-- Opening Marker --

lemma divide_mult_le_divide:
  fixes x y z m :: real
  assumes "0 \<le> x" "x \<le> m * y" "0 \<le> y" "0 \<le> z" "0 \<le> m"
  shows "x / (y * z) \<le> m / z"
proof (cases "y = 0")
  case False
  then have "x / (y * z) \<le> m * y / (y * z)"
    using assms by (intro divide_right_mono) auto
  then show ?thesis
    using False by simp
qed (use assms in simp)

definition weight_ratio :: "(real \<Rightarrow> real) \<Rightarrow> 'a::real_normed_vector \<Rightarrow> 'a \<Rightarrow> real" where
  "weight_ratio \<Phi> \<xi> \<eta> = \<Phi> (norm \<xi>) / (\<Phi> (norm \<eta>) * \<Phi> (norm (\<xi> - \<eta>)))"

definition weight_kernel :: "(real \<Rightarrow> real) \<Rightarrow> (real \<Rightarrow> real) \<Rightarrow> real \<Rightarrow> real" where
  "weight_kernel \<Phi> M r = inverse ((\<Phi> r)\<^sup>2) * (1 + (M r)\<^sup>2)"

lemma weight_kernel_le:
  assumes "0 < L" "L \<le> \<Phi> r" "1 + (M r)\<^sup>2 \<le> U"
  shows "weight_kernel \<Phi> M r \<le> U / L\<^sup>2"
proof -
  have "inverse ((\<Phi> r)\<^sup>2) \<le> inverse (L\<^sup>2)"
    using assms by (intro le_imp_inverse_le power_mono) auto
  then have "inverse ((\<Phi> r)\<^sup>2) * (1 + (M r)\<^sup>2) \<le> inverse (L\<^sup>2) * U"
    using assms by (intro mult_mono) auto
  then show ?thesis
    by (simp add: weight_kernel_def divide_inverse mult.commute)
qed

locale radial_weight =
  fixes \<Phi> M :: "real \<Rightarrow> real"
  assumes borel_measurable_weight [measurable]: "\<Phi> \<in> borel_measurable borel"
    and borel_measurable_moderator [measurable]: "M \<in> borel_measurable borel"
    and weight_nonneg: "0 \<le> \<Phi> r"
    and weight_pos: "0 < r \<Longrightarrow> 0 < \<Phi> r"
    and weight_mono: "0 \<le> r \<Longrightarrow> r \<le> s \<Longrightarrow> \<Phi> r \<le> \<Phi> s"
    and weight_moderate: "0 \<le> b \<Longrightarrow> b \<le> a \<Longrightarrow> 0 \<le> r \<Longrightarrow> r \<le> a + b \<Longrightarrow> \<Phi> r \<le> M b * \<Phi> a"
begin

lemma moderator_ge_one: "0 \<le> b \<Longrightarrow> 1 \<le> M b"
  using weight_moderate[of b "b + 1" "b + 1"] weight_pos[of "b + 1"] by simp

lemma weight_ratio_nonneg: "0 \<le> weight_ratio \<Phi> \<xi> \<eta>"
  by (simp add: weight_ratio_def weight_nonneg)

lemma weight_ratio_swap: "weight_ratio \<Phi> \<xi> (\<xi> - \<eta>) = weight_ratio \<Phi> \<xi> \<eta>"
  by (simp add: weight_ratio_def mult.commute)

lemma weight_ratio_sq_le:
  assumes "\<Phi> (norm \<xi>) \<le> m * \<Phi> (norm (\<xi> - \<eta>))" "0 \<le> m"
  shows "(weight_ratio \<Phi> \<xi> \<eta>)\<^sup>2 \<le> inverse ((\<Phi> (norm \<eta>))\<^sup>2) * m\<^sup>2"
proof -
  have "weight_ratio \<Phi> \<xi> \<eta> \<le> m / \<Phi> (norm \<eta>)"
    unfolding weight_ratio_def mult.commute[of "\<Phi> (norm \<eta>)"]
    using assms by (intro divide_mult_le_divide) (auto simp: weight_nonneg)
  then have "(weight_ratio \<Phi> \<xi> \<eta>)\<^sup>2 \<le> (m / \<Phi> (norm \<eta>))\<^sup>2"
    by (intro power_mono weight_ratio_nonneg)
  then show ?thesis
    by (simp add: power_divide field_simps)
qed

-- Closing Marker --

Once you find the line with "qed (use assms in simp)" in the entries above, output it and each line after it up to and including the line with "(M r)\<^sup>2) \<le>", and nothing else.

**Response to this exercise:**
qed (use assms in simp)

definition weight_ratio :: "(real \<Rightarrow> real) \<Rightarrow> 'a::real_normed_vector \<Rightarrow> 'a \<Rightarrow> real" where
  "weight_ratio \<Phi> \<xi> \<eta> = \<Phi> (norm \<xi>) / (\<Phi> (norm \<eta>) * \<Phi> (norm (\<xi> - \<eta>)))"

definition weight_kernel :: "(real \<Rightarrow> real) \<Rightarrow> (real \<Rightarrow> real) \<Rightarrow> real \<Rightarrow> real" where
  "weight_kernel \<Phi> M r = inverse ((\<Phi> r)\<^sup>2) * (1 + (M r)\<^sup>2)"

lemma weight_kernel_le:
  assumes "0 < L" "L \<le> \<Phi> r" "1 + (M r)\<^sup>2 \<le> U"
  shows "weight_kernel \<Phi> M r \<le> U / L\<^sup>2"
proof -
  have "inverse ((\<Phi> r)\<^sup>2) \<le> inverse (L\<^sup>2)"
    using assms by (intro le_imp_inverse_le power_mono) auto
  then have "inverse ((\<Phi> r)\<^sup>2) * (1 + (M r)\<^sup>2) \<le> inverse (L\<^sup>2) * U"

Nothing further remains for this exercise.